I found myself struggling today. I attended an EQuAL meeting and afterwards a Guess The Straight panel. The entire time I felt myself missing my "dykey-ness". Dont get me wrong, im still quite dykey. But im nearing closer to the feminine side. I cant really say im androgynous, but rather balancing the line in between with a foot on each side. Today I wore mens tennis shoes, fitted mens jeans, and a sweatshirt. Under my sweatshirt was a 3/4 sleeve girls t-shirt and my push up bra. I had a hippie-ish headband in my hair. I will soon have a hippie skirt arriving in the mail that I am thrilled to wear around the house. And I am definatley not against wearing it in public. I dont care what anyone thinks of how I look. And yet for some reason I find myself really missing my short hair and boys clothes. The dyke persona. Im the girliest, femmiest person in the butchiest body. Its really a brain trip sometimes! This is one of the reasons I want to lose weight. Because I think if I am thin I will be comfy in girls tops and boys bottoms and be able to have the best of both worlds at the same time.
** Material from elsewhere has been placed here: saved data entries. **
(* Let $a$ be a parameter and let $T\in\{\mathrm{I},\mathrm{II}\}$. Suppose $(\alpha,\beta)$ is an A$_2$ Bailey pair of type $T$ relative to $a$. Define \[ \alpha'_k = a^{k_1+k_2}\, q^{\frac{1}{2}(k_1^2+k_2^2+k_3^2)}\,\alpha_k \qquad (k_1\ge k_2\ge k_3,\ k_1+k_2+k_3=0), \] \[ \beta'_L = f^{(T)}_L \sum_{r_1=0}^{L_1}\sum_{r_2=0}^{L_2} \frac{a^{r_1} q^{r_1^2-r_1r_2+r_2^2}}{(q)_{L_1-r_1}(q)_{L_2-r_2}}\,\beta_{r_1,r_2} \qquad (L_1,L_2\ge 0), \] where $f^{(\mathrm{I})}_L = 1/(aq)_{L_1+L_2}$ and $f^{(\mathrm{II})}_L=1$. Then $(\alpha',\beta')$ is an A$_2$ Bailey pair of type II relative to $a$.
   Context: For any $x$ and integer $n$, $(x)_n=(x;q)_n=(x;q)_\infty/(xq^n;q)_\infty$, i.e. $(x)_n=\prod_{j=0}^{n-1}(1-xq^j)$ for $n\ge 0$ and $(x)_n=\prod_{j=1}^{-n}(1-xq^{-j})^{-1}$ for $n<0$; in particular $1/(q)_n=0$ for $n<0$. Write $\alpha_k=\alpha_{k_1,k_2,k_3}$ for integer triples $k$ with $k_1\ge k_2\ge k_3$, $k_1+k_2+k_3=0$, and $\beta_L=\beta_{L_1,L_2}$ for integers $L_1,L_2\ge 0$. A pair of sequences $(\alpha,\beta)$ is an A$_2$ Bailey pair of type I relative to $a$ if for all $L_1,L_2\ge0$ \[ \beta_L=\sum_{\substack{k_1\ge k_2\ge k_3\\ k_1+k_2+k_3=0}}\alpha_k\sum_r \frac{q^{r_1r_{23}}}{(q)_{r_1}(q)_{r_2}(aq)_{r_3}(q)_{r_{12}}(q)_{r_{13}}(q)_{r_{23}}}, \] where the inner sum is over integers $r_1,r_2,r_3,r_{12},r_{13},r_{23}$ satisfying $r_1+r_{12}+r_{13}=L_2-k_1$, $r_2+r_{12}+r_{23}=L_2-k_2$, $r_3+r_{13}+r_{23}=L_2-k_3$, $r_1+r_2+r_3=2L_1-L_2$, $r_{12}+r_{13}+r_{23}=2L_2-L_1$. It is an A$_2$ Bailey pair of type II relative to $a$ if for all $L_1,L_2\ge 0$ \[ \beta_L=\sum_{\substack{k_1\ge k_2\ge k_3\\ k_1+k_2+k_3=0}}\alpha_k\,\frac{(aq)_{L_1+L_2}}{(aq)_{L_1+k_1}(aq)_{L_1+k_2}(q)_{L_1+k_3}(q)_{L_2-k_1}(q)_{L_2-k_2}(aq)_{L_2-k_3}}. \] *)

theory Defs
  imports Main "HOL-Library.Groups_Big_Fun"
begin

text \<open>With q nonzero, (q;q)_n = 0 for n < 0, so 1/(q;q)_n = 0 as in the paper.\<close>
definition qpoch :: "'a::field \<Rightarrow> 'a \<Rightarrow> int \<Rightarrow> 'a" where
  "qpoch x q n =
     (if 0 \<le> n then (\<Prod>j<nat n. (1 - x * q ^ j))
      else inverse (\<Prod>j\<in>{1..nat (- n)}. (1 - x * q powi (- int j))))"

definition A2_index :: "int \<times> int \<times> int \<Rightarrow> bool" where
  "A2_index k = (case k of (k1, k2, k3) \<Rightarrow> k2 \<le> k1 \<and> k3 \<le> k2 \<and> k1 + k2 + k3 = 0)"

definition kernel_I :: "'a::field \<Rightarrow> 'a \<Rightarrow> nat \<Rightarrow> nat \<Rightarrow> int \<times> int \<times> int \<Rightarrow> 'a" where
  "kernel_I a q L1 L2 k = (case k of (k1, k2, k3) \<Rightarrow>
     Sum_any (\<lambda>(r1, r2, r3, r12, r13, r23).
       if r1 + r12 + r13 = int L2 - k1 \<and> r2 + r12 + r23 = int L2 - k2 \<and>
          r3 + r13 + r23 = int L2 - k3 \<and> r1 + r2 + r3 = 2 * int L1 - int L2 \<and>
          r12 + r13 + r23 = 2 * int L2 - int L1
       then q powi (r1 * r23) /
          (qpoch q q r1 * qpoch q q r2 * qpoch (a * q) q r3 *
           qpoch q q r12 * qpoch q q r13 * qpoch q q r23)
       else 0))"

definition kernel_II :: "'a::field \<Rightarrow> 'a \<Rightarrow> nat \<Rightarrow> nat \<Rightarrow> int \<times> int \<times> int \<Rightarrow> 'a" where
  "kernel_II a q L1 L2 k = (case k of (k1, k2, k3) \<Rightarrow>
     qpoch (a * q) q (int L1 + int L2) /
       (qpoch (a * q) q (int L1 + k1) * qpoch (a * q) q (int L1 + k2) * qpoch q q (int L1 + k3) *
        qpoch q q (int L2 - k1) * qpoch q q (int L2 - k2) * qpoch (a * q) q (int L2 - k3)))"

datatype bailey_type = TypeI | TypeII

definition bailey_kernel :: "bailey_type \<Rightarrow> 'a::field \<Rightarrow> 'a \<Rightarrow> nat \<Rightarrow> nat \<Rightarrow> int \<times> int \<times> int \<Rightarrow> 'a" where
  "bailey_kernel T = (case T of TypeI \<Rightarrow> kernel_I | TypeII \<Rightarrow> kernel_II)"

text \<open>(alpha, beta) is an A2 Bailey pair of type T relative to a.
  The sum over k ranges over all admissible triples (finitely many nonzero terms).\<close>
definition A2_bailey_pair ::
  "bailey_type \<Rightarrow> 'a::field \<Rightarrow> 'a \<Rightarrow> (int \<times> int \<times> int \<Rightarrow> 'a) \<Rightarrow> (nat \<Rightarrow> nat \<Rightarrow> 'a) \<Rightarrow> bool" where
  "A2_bailey_pair T a q \<alpha> \<beta> \<longleftrightarrow>
     (\<forall>L1 L2. \<beta> L1 L2 =
        Sum_any (\<lambda>k. if A2_index k then \<alpha> k * bailey_kernel T a q L1 L2 k else 0))"

definition bailey_f :: "bailey_type \<Rightarrow> 'a::field \<Rightarrow> 'a \<Rightarrow> nat \<Rightarrow> nat \<Rightarrow> 'a" where
  "bailey_f T a q L1 L2 =
     (case T of TypeI \<Rightarrow> 1 / qpoch (a * q) q (int L1 + int L2) | TypeII \<Rightarrow> 1)"

end

theory Submission
  imports Defs
begin

(* For a fixed admissible k both sides of the Bailey pair relation are linear in alpha_k, so the
   theorem reduces to one identity per k: summing the type T kernel at (r1, r2) against the weight
   a^r1 q^(r1^2 - r1 r2 + r2^2) / ((q)_(L1-r1) (q)_(L2-r2)) gives f^(T)_L times
   a^(k1+k2) q^((k1^2+k2^2+k3^2)/2) times the type II kernel at (L1, L2).  In the coordinates
   i = r1 + k3, j = r2 - k1, u = k1 - k2, v = k2 - k3 this constant splits off the weight, and both
   kernels are built from reciprocal q-Pochhammer symbols.  For type II the factor
   (aq)_(i+j+u+v) / ((aq)_(i+u+v) (aq)_(j+u+v) (q)_i (q)_j) is expanded as a sum over l, after
   which the sums over i and j separate.  For type I the kernel is itself a double sum; after a shear
   of the summation variables the four sums are taken one at a time.  Every inner sum is a
   terminating q-Chu-Vandermonde summation, and in both cases a last such sum over l produces the
   type II kernel.  The summations are proved by induction on their length from the q-Pascal rule
   for 1/((q)_s (q)_(A-s)). *)

section \<open>Finite sums over the integers\<close>

lemma Sum_any_const_mult:
  fixes f :: "'b \<Rightarrow> 'a::semiring_no_zero_divisors"
  shows "(\<Sum>x. c * f x) = c * Sum_any f"
proof (cases "c = 0 \<or> finite {x. f x \<noteq> 0}")
  case True
  then show ?thesis by (auto simp: Sum_any_right_distrib)
next
  case False
  then have "{x. c * f x \<noteq> 0} = {x. f x \<noteq> 0}" by auto
  then show ?thesis using False by simp
qed

lemma Sum_any_int_shift:
  fixes f :: "int \<Rightarrow> 'a::comm_monoid_add"
  shows "(\<Sum>x. f (x + c)) = Sum_any f"
proof -
  have "bij (\<lambda>x::int. x + c)"
    by (rule bijI) (auto simp: inj_def image_def intro: exI[of _ "_ - c"])
  then show ?thesis
    by (rule Sum_any.reindex_cong[symmetric]) (simp add: o_def)
qed

lemma Sum_any_int_shift_minus:
  fixes f :: "int \<Rightarrow> 'a::comm_monoid_add"
  shows "(\<Sum>x. f (x - c)) = Sum_any f"
  using Sum_any_int_shift[of f "- c"] by simp

lemma Sum_any_int_reflect:
  fixes f :: "int \<Rightarrow> 'a::comm_monoid_add"
  shows "(\<Sum>x. f (c - x)) = Sum_any f"
proof -
  have "bij (\<lambda>x::int. c - x)"
    by (rule bijI) (auto simp: inj_def image_def intro: exI[of _ "c - _"])
  then show ?thesis
    by (rule Sum_any.reindex_cong[symmetric]) (simp add: o_def)
qed

lemma finite_nonzero_int_bounded:
  fixes f :: "int \<Rightarrow> 'a::zero"
  assumes "\<And>x. f x \<noteq> 0 \<Longrightarrow> lo \<le> x \<and> x \<le> hi"
  shows "finite {x. f x \<noteq> 0}"
  by (rule finite_subset[of _ "{lo..hi}"]) (use assms in auto)

lemma Sum_any_single:
  fixes f :: "'b \<Rightarrow> 'a::comm_monoid_add"
  assumes "\<And>x. x \<noteq> c \<Longrightarrow> f x = 0"
  shows "Sum_any f = f c"
proof -
  have "f = (\<lambda>x. if x = c then f x else 0)" using assms by auto
  then show ?thesis by (metis Sum_any.delta)
qed

lemma sum_atMost_eq_Sum_any_int:
  fixes f :: "int \<Rightarrow> 'a::comm_monoid_add"
  assumes "\<And>x. f x \<noteq> 0 \<Longrightarrow> 0 \<le> x \<and> x \<le> int L"
  shows "(\<Sum>r\<le>L. f (int r)) = Sum_any f"
proof -
  have "Sum_any f = sum f {0..int L}"
    by (rule Sum_any.expand_superset) (use assms in auto)
  also have "{0..int L} = int ` {..L}"
    by (simp add: atMost_atLeast0 image_int_atLeastAtMost)
  finally show ?thesis
    by (simp add: sum.reindex)
qed

lemma sum_atMost2_eq_Sum_any_int:
  fixes F :: "int \<Rightarrow> int \<Rightarrow> 'a::comm_monoid_add"
  assumes F: "\<And>x y. F x y \<noteq> 0 \<Longrightarrow> 0 \<le> x \<and> x \<le> int L1 \<and> 0 \<le> y \<and> y \<le> int L2"
  shows "(\<Sum>r1\<le>L1. \<Sum>r2\<le>L2. F (int r1) (int r2)) = (\<Sum>x. \<Sum>y. F x y)"
proof -
  have "(\<Sum>r2\<le>L2. F x (int r2)) = (\<Sum>y. F x y)" for x
    by (rule sum_atMost_eq_Sum_any_int) (use F in blast)
  moreover have "(\<Sum>r1\<le>L1. \<Sum>y. F (int r1) y) = (\<Sum>x. \<Sum>y. F x y)"
  proof (rule sum_atMost_eq_Sum_any_int)
    fix x
    assume "(\<Sum>y. F x y) \<noteq> 0"
    then obtain y where "F x y \<noteq> 0"
      by (rule Sum_any.not_neutral_obtains_not_neutral)
    then show "0 \<le> x \<and> x \<le> int L1"
      using F by blast
  qed
  ultimately show ?thesis
    by simp
qed

lemma Sum_any_int_swap:
  fixes g :: "int \<Rightarrow> int \<Rightarrow> 'a::comm_monoid_add"
  assumes "\<And>x y. g x y \<noteq> 0 \<Longrightarrow> lo1 \<le> x \<and> x \<le> hi1 \<and> lo2 \<le> y \<and> y \<le> hi2"
  shows "(\<Sum>x. \<Sum>y. g x y) = (\<Sum>y. \<Sum>x. g x y)"
  by (rule Sum_any.swap[of "{lo1..hi1} \<times> {lo2..hi2}"]) (use assms in fastforce)+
Im trying hard to judge how much of what im feeling is coming from how I perceive others to see me and how I truly see myself. I feel like others find me more attractive as a butch and I feel more attractive to others that way. When I become more feminine, I feel as though I become invisible. Same with my hair, the longer it becomes the more ackward I feel. The hair growth itself will have to stick because I want my dreads. I wonder how the hair will impact my view of myself. Ive never seen a really butchy girl with dreads.
Rosie tells me im silly and am overthinking this. My friend Lynn says mostly the same. Im sure they are right, but I cant help where my brain wanders to.